• Prompt
Locate the line that contains "text \<open>The graph" in the entries below, then repeat it and every following line through the line that contains "lying in S u \<inter> S v.\<close>", exactly, and no others.

● ● ● ● ● ● ●

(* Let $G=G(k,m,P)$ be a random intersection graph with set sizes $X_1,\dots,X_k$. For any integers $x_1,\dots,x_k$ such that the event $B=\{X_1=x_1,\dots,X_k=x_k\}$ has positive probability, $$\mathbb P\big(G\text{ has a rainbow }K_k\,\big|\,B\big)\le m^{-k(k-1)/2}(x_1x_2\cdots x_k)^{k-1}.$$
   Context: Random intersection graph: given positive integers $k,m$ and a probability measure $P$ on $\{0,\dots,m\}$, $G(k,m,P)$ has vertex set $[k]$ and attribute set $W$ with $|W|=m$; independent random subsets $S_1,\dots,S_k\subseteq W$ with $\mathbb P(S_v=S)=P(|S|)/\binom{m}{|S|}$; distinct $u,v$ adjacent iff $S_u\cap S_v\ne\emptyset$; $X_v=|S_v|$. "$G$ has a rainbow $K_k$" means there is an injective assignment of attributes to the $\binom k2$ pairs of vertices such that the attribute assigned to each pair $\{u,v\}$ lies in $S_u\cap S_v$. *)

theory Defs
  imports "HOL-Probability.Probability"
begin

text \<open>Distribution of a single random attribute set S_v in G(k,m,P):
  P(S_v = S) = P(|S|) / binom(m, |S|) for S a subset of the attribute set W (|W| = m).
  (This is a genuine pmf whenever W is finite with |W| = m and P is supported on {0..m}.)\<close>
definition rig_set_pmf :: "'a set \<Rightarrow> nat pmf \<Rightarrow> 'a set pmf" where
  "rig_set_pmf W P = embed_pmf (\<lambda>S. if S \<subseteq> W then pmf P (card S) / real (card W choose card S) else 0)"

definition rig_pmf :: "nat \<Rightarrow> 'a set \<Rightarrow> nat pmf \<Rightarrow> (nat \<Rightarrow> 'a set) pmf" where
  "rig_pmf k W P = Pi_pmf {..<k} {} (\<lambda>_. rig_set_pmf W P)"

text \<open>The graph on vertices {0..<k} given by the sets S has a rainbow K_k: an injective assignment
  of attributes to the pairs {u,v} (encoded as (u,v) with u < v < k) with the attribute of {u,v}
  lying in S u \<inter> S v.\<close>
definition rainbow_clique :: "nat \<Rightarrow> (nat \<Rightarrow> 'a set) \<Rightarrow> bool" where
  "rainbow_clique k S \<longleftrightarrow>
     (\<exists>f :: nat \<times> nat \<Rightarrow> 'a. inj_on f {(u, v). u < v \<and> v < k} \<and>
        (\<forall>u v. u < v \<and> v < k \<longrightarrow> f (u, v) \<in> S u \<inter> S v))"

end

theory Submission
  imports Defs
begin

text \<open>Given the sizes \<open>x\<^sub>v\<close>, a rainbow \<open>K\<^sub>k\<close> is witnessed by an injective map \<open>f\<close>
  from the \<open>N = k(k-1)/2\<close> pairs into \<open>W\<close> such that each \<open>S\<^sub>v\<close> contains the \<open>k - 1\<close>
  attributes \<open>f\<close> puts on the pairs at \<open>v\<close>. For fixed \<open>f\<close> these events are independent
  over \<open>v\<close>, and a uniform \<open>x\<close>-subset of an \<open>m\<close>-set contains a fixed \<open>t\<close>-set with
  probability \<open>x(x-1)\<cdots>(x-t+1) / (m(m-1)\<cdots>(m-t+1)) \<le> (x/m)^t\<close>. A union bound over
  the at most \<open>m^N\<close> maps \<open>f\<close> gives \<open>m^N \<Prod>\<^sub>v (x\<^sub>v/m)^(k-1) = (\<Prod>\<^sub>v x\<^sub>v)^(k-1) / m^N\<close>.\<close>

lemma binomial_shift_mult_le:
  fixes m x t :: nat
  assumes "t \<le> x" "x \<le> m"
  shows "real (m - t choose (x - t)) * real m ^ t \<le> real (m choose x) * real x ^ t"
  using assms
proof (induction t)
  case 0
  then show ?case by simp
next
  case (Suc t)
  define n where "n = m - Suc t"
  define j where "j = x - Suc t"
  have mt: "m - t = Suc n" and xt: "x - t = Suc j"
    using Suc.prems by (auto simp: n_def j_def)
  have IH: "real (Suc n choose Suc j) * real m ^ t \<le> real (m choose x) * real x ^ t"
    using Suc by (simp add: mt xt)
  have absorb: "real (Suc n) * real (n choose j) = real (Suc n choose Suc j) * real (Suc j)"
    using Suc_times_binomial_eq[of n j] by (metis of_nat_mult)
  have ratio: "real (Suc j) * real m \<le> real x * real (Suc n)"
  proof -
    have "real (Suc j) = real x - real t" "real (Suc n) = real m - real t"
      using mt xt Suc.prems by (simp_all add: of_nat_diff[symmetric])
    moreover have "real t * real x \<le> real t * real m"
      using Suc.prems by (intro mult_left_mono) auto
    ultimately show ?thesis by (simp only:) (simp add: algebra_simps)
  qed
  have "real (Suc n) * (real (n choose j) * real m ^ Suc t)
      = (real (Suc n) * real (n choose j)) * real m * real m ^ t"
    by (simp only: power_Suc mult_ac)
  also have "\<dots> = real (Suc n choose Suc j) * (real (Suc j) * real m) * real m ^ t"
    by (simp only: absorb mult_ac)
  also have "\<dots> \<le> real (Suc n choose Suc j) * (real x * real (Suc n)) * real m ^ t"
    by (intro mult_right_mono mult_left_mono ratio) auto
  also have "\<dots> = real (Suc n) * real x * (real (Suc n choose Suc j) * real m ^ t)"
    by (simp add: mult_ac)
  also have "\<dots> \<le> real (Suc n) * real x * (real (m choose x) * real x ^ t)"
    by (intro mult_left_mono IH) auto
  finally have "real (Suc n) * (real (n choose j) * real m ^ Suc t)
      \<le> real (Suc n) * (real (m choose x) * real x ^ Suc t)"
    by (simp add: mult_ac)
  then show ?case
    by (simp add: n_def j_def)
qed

● ● ● ● ● ● ●

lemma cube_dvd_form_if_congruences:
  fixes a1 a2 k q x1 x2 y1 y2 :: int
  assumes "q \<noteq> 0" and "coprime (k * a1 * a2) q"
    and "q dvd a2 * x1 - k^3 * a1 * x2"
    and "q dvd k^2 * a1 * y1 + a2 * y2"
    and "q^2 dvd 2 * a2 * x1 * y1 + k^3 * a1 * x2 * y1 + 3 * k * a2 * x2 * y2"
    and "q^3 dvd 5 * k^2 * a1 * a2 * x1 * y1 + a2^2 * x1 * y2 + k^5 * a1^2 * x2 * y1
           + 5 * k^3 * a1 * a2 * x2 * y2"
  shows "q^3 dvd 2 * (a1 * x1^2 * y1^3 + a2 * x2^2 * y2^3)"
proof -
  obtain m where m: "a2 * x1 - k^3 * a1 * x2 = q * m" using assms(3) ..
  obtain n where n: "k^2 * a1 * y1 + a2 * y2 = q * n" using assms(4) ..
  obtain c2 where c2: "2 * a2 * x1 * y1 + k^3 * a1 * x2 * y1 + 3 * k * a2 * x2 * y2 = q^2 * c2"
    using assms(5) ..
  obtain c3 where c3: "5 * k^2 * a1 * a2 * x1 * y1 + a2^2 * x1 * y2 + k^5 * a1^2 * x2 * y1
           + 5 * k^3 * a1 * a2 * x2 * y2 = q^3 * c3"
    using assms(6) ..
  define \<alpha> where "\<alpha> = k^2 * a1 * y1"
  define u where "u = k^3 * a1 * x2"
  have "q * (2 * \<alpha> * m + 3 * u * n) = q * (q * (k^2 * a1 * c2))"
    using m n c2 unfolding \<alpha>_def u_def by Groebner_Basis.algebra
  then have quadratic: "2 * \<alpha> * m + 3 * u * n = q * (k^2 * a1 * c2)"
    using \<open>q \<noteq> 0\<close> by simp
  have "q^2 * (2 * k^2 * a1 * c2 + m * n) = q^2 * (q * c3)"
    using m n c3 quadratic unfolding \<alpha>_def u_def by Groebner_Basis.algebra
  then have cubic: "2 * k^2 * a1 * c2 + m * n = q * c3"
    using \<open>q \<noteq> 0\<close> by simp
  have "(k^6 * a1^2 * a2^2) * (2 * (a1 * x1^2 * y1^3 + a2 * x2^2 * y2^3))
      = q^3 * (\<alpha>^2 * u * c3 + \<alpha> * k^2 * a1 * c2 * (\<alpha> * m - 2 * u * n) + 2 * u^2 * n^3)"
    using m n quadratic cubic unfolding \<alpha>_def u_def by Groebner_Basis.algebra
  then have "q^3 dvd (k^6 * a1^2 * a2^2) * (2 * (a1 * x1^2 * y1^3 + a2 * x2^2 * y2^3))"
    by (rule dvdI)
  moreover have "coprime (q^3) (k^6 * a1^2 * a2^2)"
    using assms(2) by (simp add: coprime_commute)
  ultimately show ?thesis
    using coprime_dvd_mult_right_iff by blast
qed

● ● ● ● ● ● ●

• Written reply
text \<open>The graph on vertices {0..<k} given by the sets S has a rainbow K_k: an injective assignment
  of attributes to the pairs {u,v} (encoded as (u,v) with u < v < k) with the attribute of {u,v}
  lying in S u \<inter> S v.\<close>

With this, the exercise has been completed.